HOW TO COMPLETE THIS TASK ::
Report each line of the entries that includes "moreover" by copying it.

--- MATERIAL PROVIDED ---

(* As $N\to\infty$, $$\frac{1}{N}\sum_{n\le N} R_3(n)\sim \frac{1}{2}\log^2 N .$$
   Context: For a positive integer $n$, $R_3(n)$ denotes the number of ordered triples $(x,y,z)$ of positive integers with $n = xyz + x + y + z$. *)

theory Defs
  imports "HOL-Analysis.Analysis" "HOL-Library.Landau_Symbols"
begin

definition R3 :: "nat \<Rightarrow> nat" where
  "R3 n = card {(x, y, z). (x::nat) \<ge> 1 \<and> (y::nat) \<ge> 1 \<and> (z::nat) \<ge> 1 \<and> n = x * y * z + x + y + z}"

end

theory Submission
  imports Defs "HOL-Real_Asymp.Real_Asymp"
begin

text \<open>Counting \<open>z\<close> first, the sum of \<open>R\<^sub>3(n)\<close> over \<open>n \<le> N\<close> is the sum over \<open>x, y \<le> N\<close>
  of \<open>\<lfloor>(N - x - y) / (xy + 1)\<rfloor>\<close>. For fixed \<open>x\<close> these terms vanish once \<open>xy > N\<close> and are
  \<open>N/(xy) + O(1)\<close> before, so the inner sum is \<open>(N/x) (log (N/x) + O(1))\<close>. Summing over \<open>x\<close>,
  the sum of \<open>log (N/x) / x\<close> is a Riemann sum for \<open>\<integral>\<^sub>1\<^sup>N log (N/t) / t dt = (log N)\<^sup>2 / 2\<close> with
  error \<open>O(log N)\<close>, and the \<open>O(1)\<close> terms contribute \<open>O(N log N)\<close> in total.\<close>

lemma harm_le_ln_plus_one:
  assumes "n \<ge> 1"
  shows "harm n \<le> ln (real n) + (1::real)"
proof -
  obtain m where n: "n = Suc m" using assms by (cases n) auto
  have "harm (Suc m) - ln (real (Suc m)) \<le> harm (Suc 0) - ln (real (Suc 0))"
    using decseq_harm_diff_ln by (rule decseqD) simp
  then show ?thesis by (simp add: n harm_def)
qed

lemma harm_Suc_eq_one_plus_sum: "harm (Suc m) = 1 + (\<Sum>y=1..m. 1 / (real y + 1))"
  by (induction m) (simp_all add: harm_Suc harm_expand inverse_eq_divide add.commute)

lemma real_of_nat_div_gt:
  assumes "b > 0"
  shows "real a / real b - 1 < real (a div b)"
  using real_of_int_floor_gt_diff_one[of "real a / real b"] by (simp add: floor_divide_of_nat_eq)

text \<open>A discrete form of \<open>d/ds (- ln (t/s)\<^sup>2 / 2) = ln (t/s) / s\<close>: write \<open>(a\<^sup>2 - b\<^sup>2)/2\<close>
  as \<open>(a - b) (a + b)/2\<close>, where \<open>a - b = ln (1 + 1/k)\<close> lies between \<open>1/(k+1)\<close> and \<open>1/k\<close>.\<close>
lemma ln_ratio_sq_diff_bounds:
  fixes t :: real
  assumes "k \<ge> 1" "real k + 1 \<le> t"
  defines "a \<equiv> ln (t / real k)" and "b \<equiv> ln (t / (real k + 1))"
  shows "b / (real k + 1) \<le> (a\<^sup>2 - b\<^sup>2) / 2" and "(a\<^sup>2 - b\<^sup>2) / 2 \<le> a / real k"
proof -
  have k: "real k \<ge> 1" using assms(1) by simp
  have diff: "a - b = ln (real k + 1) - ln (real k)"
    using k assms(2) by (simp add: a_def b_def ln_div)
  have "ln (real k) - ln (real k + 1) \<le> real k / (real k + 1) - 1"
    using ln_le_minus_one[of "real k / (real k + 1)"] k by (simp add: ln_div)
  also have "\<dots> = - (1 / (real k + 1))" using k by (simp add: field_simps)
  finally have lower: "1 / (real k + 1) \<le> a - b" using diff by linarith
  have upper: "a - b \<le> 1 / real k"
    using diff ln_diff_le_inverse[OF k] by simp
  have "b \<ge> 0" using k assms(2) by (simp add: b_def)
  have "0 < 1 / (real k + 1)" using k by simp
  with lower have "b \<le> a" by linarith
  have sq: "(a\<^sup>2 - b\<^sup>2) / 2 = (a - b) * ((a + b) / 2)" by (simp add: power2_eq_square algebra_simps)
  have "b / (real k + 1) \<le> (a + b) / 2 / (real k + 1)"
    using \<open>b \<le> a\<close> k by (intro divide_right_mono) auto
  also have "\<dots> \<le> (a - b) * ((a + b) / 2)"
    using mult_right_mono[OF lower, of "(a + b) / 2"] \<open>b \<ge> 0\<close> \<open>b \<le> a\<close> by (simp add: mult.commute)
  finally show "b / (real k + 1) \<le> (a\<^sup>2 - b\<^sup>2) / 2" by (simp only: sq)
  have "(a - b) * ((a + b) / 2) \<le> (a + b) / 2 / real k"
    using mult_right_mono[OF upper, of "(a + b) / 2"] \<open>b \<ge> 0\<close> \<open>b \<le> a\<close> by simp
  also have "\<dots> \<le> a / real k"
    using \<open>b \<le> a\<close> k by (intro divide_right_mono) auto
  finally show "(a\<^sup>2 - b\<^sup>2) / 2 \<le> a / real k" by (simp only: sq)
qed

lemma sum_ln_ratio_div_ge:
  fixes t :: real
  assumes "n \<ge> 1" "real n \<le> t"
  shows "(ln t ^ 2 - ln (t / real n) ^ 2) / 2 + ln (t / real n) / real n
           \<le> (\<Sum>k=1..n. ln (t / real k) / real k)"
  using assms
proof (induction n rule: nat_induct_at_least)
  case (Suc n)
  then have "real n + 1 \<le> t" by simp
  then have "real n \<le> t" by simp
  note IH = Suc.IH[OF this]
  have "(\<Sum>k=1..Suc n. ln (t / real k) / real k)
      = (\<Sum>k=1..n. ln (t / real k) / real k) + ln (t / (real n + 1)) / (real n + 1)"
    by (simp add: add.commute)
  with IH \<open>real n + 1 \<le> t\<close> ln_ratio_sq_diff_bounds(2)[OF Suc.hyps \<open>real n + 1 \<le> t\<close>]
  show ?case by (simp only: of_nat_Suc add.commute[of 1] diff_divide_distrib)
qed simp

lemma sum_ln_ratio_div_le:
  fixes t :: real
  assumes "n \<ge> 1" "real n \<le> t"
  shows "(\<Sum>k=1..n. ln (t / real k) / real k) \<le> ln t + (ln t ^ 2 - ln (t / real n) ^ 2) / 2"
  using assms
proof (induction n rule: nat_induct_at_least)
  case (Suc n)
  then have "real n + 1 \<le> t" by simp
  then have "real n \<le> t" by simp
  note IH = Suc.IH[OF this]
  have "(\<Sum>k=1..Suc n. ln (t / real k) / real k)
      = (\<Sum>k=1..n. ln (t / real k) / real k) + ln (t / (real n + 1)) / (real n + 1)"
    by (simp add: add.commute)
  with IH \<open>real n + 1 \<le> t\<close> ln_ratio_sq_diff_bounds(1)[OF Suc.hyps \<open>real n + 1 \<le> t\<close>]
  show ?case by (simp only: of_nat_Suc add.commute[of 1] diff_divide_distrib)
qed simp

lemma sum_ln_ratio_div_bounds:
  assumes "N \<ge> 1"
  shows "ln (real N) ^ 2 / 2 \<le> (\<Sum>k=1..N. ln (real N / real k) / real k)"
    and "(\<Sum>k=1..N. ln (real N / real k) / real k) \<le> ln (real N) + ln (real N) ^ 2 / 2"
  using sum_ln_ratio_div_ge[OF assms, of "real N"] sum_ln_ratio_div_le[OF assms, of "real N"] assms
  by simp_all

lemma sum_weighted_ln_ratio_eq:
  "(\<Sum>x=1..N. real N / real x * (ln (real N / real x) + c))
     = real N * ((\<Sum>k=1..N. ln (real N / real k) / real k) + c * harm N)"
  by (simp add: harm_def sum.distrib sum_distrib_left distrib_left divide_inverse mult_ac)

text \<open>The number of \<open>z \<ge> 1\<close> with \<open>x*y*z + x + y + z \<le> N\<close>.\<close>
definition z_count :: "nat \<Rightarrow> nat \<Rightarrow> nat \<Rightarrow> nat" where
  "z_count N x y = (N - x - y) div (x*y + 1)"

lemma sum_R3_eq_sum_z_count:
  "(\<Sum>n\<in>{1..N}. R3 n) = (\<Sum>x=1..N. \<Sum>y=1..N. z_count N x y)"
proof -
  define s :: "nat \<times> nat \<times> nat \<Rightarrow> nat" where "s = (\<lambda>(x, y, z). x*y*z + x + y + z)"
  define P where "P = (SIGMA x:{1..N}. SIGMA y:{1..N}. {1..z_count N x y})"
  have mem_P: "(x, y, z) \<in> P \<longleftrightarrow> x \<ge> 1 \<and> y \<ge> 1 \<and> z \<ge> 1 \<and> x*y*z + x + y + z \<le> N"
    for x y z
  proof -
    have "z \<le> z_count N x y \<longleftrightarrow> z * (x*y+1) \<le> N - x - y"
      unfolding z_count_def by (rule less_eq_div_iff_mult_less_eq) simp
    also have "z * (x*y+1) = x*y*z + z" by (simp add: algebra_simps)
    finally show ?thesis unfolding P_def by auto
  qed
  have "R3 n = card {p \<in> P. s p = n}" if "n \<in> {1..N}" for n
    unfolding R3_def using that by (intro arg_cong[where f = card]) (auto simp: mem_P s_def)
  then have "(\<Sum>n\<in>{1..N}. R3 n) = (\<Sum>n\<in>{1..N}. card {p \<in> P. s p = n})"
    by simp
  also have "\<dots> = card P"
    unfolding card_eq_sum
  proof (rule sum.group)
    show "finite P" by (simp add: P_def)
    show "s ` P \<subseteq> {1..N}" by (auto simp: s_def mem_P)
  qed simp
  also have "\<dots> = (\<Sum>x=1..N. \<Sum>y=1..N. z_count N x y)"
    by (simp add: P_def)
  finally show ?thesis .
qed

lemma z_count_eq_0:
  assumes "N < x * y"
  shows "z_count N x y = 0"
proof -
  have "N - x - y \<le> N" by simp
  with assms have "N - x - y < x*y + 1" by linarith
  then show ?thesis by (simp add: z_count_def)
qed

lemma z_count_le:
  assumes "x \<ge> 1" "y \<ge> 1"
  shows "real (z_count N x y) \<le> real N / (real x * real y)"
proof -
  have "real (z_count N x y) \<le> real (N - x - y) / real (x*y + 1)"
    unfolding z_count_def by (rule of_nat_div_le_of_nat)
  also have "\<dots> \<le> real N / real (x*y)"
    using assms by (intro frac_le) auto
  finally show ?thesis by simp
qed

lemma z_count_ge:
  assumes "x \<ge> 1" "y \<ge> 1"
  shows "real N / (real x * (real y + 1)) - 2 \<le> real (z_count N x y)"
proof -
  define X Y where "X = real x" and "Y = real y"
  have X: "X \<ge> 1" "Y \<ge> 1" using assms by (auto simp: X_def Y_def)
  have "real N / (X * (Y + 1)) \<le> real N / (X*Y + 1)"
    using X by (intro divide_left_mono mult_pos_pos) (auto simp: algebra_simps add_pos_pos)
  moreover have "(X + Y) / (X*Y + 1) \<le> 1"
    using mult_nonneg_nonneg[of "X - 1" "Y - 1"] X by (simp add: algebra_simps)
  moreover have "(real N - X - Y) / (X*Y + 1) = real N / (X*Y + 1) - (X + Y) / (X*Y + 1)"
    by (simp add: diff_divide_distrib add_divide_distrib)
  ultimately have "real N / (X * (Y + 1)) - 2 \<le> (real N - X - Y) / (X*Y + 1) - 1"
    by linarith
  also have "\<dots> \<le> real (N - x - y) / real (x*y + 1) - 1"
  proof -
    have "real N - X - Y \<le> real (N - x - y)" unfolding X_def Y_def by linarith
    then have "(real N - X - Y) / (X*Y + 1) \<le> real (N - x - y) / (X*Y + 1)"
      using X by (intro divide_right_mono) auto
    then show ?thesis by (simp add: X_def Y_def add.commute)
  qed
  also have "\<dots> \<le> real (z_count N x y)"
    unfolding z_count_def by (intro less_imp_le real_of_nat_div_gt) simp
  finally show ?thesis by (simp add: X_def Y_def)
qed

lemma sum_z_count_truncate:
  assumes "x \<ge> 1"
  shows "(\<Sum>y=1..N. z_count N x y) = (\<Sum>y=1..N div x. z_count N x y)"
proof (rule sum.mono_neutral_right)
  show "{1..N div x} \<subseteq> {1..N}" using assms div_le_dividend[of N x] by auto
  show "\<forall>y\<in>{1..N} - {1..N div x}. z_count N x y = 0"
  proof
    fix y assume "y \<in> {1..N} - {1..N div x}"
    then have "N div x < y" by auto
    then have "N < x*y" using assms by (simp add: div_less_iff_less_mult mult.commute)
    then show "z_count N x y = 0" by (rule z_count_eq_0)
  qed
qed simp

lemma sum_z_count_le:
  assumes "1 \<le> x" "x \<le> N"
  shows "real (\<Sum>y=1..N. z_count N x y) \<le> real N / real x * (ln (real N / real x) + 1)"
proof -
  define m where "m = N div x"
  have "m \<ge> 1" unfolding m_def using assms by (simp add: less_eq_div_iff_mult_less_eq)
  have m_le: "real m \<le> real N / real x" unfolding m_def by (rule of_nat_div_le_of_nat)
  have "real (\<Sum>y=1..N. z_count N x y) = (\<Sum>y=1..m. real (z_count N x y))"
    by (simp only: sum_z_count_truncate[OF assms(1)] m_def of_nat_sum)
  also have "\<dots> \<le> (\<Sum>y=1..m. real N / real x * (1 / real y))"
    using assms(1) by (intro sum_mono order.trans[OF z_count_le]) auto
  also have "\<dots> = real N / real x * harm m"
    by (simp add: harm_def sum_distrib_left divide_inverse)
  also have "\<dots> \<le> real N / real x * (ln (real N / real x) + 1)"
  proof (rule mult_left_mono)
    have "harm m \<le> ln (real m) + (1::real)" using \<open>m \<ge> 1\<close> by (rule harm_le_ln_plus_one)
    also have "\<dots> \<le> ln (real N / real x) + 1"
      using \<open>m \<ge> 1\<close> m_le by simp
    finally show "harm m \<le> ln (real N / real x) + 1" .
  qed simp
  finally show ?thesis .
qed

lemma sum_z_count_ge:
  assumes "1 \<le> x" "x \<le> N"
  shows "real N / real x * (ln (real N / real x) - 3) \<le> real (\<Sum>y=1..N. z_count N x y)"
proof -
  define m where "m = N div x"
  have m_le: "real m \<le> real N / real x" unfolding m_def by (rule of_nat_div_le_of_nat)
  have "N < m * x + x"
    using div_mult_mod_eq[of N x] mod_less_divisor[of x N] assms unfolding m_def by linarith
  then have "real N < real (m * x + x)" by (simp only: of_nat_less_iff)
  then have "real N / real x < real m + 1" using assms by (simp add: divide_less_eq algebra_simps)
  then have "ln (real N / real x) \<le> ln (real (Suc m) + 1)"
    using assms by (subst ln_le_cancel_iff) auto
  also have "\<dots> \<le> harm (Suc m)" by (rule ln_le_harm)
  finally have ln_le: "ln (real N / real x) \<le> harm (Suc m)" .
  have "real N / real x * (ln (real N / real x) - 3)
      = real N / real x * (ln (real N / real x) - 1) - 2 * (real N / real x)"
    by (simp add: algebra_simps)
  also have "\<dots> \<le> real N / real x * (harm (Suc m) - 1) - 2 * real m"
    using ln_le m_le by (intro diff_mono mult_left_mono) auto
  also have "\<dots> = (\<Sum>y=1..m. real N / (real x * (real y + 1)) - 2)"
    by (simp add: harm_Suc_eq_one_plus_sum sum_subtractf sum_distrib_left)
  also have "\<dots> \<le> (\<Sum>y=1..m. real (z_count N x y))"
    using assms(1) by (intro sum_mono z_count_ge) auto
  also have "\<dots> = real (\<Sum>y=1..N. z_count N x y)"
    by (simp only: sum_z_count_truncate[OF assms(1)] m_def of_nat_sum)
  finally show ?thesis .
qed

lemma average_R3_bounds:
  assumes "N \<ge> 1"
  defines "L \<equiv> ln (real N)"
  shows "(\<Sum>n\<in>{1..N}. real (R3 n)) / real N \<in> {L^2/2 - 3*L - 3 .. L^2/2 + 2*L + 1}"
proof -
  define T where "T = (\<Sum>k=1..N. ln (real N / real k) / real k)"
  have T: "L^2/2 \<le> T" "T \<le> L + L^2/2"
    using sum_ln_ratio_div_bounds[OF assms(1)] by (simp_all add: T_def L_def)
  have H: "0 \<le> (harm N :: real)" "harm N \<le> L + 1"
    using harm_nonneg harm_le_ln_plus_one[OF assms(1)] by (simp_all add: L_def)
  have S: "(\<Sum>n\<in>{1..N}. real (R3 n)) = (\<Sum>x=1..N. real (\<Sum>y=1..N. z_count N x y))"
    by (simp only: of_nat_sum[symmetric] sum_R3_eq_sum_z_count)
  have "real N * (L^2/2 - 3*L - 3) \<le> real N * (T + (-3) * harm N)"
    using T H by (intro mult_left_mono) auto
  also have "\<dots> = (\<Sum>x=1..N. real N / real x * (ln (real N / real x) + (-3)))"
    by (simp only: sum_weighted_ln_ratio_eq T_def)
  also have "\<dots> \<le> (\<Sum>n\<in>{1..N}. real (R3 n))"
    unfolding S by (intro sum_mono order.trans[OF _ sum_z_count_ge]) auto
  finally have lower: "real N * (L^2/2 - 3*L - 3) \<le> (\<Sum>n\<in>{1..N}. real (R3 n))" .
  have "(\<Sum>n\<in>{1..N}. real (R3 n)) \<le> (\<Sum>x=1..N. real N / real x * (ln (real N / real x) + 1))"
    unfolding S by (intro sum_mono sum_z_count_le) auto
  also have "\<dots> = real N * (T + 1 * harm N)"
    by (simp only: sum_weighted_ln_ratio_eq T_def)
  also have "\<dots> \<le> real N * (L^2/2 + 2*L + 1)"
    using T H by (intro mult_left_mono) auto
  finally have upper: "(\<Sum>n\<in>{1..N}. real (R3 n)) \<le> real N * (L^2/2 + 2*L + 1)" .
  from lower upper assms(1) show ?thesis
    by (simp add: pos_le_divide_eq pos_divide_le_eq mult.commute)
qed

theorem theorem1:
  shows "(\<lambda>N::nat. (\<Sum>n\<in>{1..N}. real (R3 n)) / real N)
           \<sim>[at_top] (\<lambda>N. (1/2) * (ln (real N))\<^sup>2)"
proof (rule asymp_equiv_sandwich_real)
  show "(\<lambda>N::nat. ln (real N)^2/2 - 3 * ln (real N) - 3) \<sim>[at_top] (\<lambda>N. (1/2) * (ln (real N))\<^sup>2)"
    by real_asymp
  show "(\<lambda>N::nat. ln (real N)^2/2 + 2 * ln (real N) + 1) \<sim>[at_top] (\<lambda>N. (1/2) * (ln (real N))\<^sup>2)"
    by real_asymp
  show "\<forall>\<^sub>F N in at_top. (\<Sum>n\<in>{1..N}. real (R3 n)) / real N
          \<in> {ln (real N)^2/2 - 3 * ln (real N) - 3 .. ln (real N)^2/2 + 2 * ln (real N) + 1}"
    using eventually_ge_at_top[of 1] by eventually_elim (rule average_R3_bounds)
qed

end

---

WRITTEN RESPONSE ::
  moreover have "(X + Y) / (X*Y + 1) \<le> 1"
  moreover have "(real N - X - Y) / (X*Y + 1) = real N / (X*Y + 1) - (X + Y) / (X*Y + 1)"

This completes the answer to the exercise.